**YOUR GOAL:** Among the entries below, one stretch runs from the line that contains "imports Main" through the line that contains "G \<Longrightarrow> x \<in> ideal_gen". Repeat that stretch exactly, ends included, and only that.
:: DATASET EXTRACT ::
(* A valued Abelian group $(G,+,p)$ is of class $\mathcal{O}_0$ if and only if it may be enlarged to a valued Abelian group $(\tilde G,+,\tilde p)$ such that the set of elements of finite order of $\tilde G$ is dense in $\tilde G$.
   Context: A value on an Abelian group $G$ is $p\colon G\to[0,\infty)$ with $p(x)=0\iff x=0$, $p(-x)=p(x)$, $p(x+y)\leqslant p(x)+p(y)$; it induces the metric $p(x-y)$. $(G,+,p)$ is of class $\mathcal{O}_0$ if $\lim_{n\to\infty}p(na)/n=0$ for every $a\in G$. Enlarging means $G\subseteq\tilde G$, the addition of $\tilde G$ extends that of $G$ and $\tilde p$ extends $p$. *)

theory Defs
  imports Complex_Main "HOL-Algebra.Group"
begin

text \<open>A value on an Abelian group (the group is the whole type 'a).\<close>
definition is_value :: "('a::ab_group_add \<Rightarrow> real) \<Rightarrow> bool" where
  "is_value p \<longleftrightarrow> (\<forall>x. p x \<ge> 0) \<and> (\<forall>x. p x = 0 \<longleftrightarrow> x = 0) \<and>
     (\<forall>x. p (- x) = p x) \<and> (\<forall>x y. p (x + y) \<le> p x + p y)"

definition class_O0 :: "('a::ab_group_add \<Rightarrow> real) \<Rightarrow> bool" where
  "class_O0 p \<longleftrightarrow> is_value p \<and>
     (\<forall>a. (\<lambda>n::nat. p (\<Sum>i<n. a) / real n) \<longlonglongrightarrow> 0)"

definition is_group_value :: "('b, 'c) monoid_scheme \<Rightarrow> ('b \<Rightarrow> real) \<Rightarrow> bool" where
  "is_group_value H q \<longleftrightarrow>
     (\<forall>x\<in>carrier H. q x \<ge> 0) \<and> (\<forall>x\<in>carrier H. q x = 0 \<longleftrightarrow> x = \<one>\<^bsub>H\<^esub>) \<and>
     (\<forall>x\<in>carrier H. q (inv\<^bsub>H\<^esub> x) = q x) \<and>
     (\<forall>x\<in>carrier H. \<forall>y\<in>carrier H. q (x \<otimes>\<^bsub>H\<^esub> y) \<le> q x + q y)"

text \<open>(H, q) is an enlargement of (G, p), G identified with its image under the
  injective, value-preserving homomorphism e.\<close>
definition is_enlargement ::
  "('a::ab_group_add \<Rightarrow> real) \<Rightarrow> ('b, 'c) monoid_scheme \<Rightarrow> ('b \<Rightarrow> real) \<Rightarrow> ('a \<Rightarrow> 'b) \<Rightarrow> bool" where
  "is_enlargement p H q e \<longleftrightarrow> comm_group H \<and> is_group_value H q \<and>
     (\<forall>x. e x \<in> carrier H) \<and> inj e \<and>
     (\<forall>x y. e (x + y) = e x \<otimes>\<^bsub>H\<^esub> e y) \<and> (\<forall>x. q (e x) = p x)"
(* Let $R$ be a unital ring and let $(P,Q,\psi)$ be a unital $R$-system. Suppose that $(S,T,\sigma,B)$ is a semi-full covariant representation of $(P,Q,\psi)$, that $(P,Q,\psi)$ satisfies Condition (FS'), and that the ideal $I^{(k)}_{\psi,\sigma}$ of $B_0$ is unital (has a multiplicative identity) for every $k\ge0$. Then $B$ is epsilon-strongly $\mathbb{Z}$-graded.
   Context: For additive subsets $X,Y$ of a ring, $XY$ is the additive subgroup generated by products $xy$. For rings $A,B$, an $A$-$B$-bimodule $M$ is unital if there exist $a\in A,b\in B$ with $ax=x=xb$ for all $x\in M$. A $\mathbb{Z}$-graded ring $B=\bigoplus_iB_i$ is epsilon-strongly graded if each $B_i$ is a unital $B_iB_{-i}$-$B_{-i}B_i$-bimodule. An $R$-system is a triple $(P,Q,\psi)$ with $P,Q$ $R$-bimodules and $\psi:P\otimes_RQ\to R$ an $R$-bimodule homomorphism; it is unital if $R$ is unital and $1_R$ acts as identity on both sides of $P$ and $Q$. Put $P^{\otimes0}=Q^{\otimes0}=R$, $\psi_0(r\otimes r')=rr'$, $\psi_1=\psi$, and for $n>1$: $Q^{\otimes n}=Q^{\otimes(n-1)}\otimes_RQ$, $P^{\otimes n}=P\otimes_RP^{\otimes(n-1)}$, $\psi_n((p_1\otimes p_2)\otimes(q_2\otimes q_1))=\psi(p_1\psi_{n-1}(p_2\otimes q_2)\otimes q_1)$. A covariant representation is a tuple $(S,T,\sigma,B)$ with $B$ a ring, $S:P\to B$, $T:Q\to B$ additive maps, $\sigma:R\to B$ a ring homomorphism, with $S(pr)=S(p)\sigma(r)$, $S(rp)=\sigma(r)S(p)$, $T(qr)=T(q)\sigma(r)$, $T(rq)=\sigma(r)T(q)$, $\sigma(\psi(p\otimes q))=S(p)T(q)$. It is graded if $B$ is generated as a ring by $\sigma(R)\cup S(P)\cup T(Q)$ and $B$ carries a $\mathbb{Z}$-grading with $\sigma(R)\subseteq B_0$, $T(Q)\subseteq B_1$, $S(P)\subseteq B_{-1}$. For a graded covariant representation and $k\ge0$, $I^{(k)}_{\psi,\sigma}$ is the ideal of $B_0$ generated by $\{\sigma(\psi_k(p\otimes q)):p\in P^{\otimes k},q\in Q^{\otimes k}\}$; the (graded) representation is semi-full if $B_{-k}B_k=I^{(k)}_{\psi,\sigma}$ for all $k\ge0$. For $q\in Q,p\in P$ let $\theta_{q,p}(x)=q\psi(p\otimes x)$ ($x\in Q$) and $\theta_{p,q}(y)=\psi(y\otimes q)p$ ($y\in P$); $\mathcal{F}_P(Q)$, $\mathcal{F}_Q(P)$ are the additive groups generated by these maps. Condition (FS'): there exist $\Theta\in\mathcal{F}_P(Q)$, $\Phi\in\mathcal{F}_Q(P)$ with $\Theta(q)=q$ and $\Phi(p)=p$ for all $q\in Q,p\in P$. *)

theory Defs
  imports Main
begin

inductive_set add_span :: "'a::ab_group_add set \<Rightarrow> 'a set" for G where
  add_span_gen: "x \<in> G \<Longrightarrow> x \<in> add_span G"
| add_span_zero: "0 \<in> add_span G"
| add_span_add: "x \<in> add_span G \<Longrightarrow> y \<in> add_span G \<Longrightarrow> x + y \<in> add_span G"
| add_span_neg: "x \<in> add_span G \<Longrightarrow> - x \<in> add_span G"

definition set_prod :: "'b::ring set \<Rightarrow> 'b set \<Rightarrow> 'b set" where
  "set_prod X Y = add_span {x * y | x y. x \<in> X \<and> y \<in> Y}"

inductive_set subring_gen :: "'b::ring set \<Rightarrow> 'b set" for G where
  subring_gen_gen: "x \<in> G \<Longrightarrow> x \<in> subring_gen G"
| subring_gen_zero: "0 \<in> subring_gen G"
| subring_gen_add: "x \<in> subring_gen G \<Longrightarrow> y \<in> subring_gen G \<Longrightarrow> x + y \<in> subring_gen G"
| subring_gen_neg: "x \<in> subring_gen G \<Longrightarrow> - x \<in> subring_gen G"
| subring_gen_mult: "x \<in> subring_gen G \<Longrightarrow> y \<in> subring_gen G \<Longrightarrow> x * y \<in> subring_gen G"

inductive_set ideal_gen :: "'b::ring set \<Rightarrow> 'b set \<Rightarrow> 'b set" for A G where
  ideal_gen_gen: "x \<in> G \<Longrightarrow> x \<in> ideal_gen A G"
| ideal_gen_zero: "0 \<in> ideal_gen A G"
| ideal_gen_add: "x \<in> ideal_gen A G \<Longrightarrow> y \<in> ideal_gen A G \<Longrightarrow> x + y \<in> ideal_gen A G"
| ideal_gen_neg: "x \<in> ideal_gen A G \<Longrightarrow> - x \<in> ideal_gen A G"
| ideal_gen_lmult: "a \<in> A \<Longrightarrow> x \<in> ideal_gen A G \<Longrightarrow> a * x \<in> ideal_gen A G"
| ideal_gen_rmult: "a \<in> A \<Longrightarrow> x \<in> ideal_gen A G \<Longrightarrow> x * a \<in> ideal_gen A G"

definition has_unit :: "'b::ring set \<Rightarrow> bool" where
  "has_unit I \<longleftrightarrow> (\<exists>e\<in>I. \<forall>x\<in>I. e * x = x \<and> x * e = x)"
:::
**EXPECTED ANSWER:**
  imports Main
begin

inductive_set add_span :: "'a::ab_group_add set \<Rightarrow> 'a set" for G where
  add_span_gen: "x \<in> G \<Longrightarrow> x \<in> add_span G"
| add_span_zero: "0 \<in> add_span G"
| add_span_add: "x \<in> add_span G \<Longrightarrow> y \<in> add_span G \<Longrightarrow> x + y \<in> add_span G"
| add_span_neg: "x \<in> add_span G \<Longrightarrow> - x \<in> add_span G"

definition set_prod :: "'b::ring set \<Rightarrow> 'b set \<Rightarrow> 'b set" where
  "set_prod X Y = add_span {x * y | x y. x \<in> X \<and> y \<in> Y}"

inductive_set subring_gen :: "'b::ring set \<Rightarrow> 'b set" for G where
  subring_gen_gen: "x \<in> G \<Longrightarrow> x \<in> subring_gen G"
| subring_gen_zero: "0 \<in> subring_gen G"
| subring_gen_add: "x \<in> subring_gen G \<Longrightarrow> y \<in> subring_gen G \<Longrightarrow> x + y \<in> subring_gen G"
| subring_gen_neg: "x \<in> subring_gen G \<Longrightarrow> - x \<in> subring_gen G"
| subring_gen_mult: "x \<in> subring_gen G \<Longrightarrow> y \<in> subring_gen G \<Longrightarrow> x * y \<in> subring_gen G"

inductive_set ideal_gen :: "'b::ring set \<Rightarrow> 'b set \<Rightarrow> 'b set" for A G where
  ideal_gen_gen: "x \<in> G \<Longrightarrow> x \<in> ideal_gen A G"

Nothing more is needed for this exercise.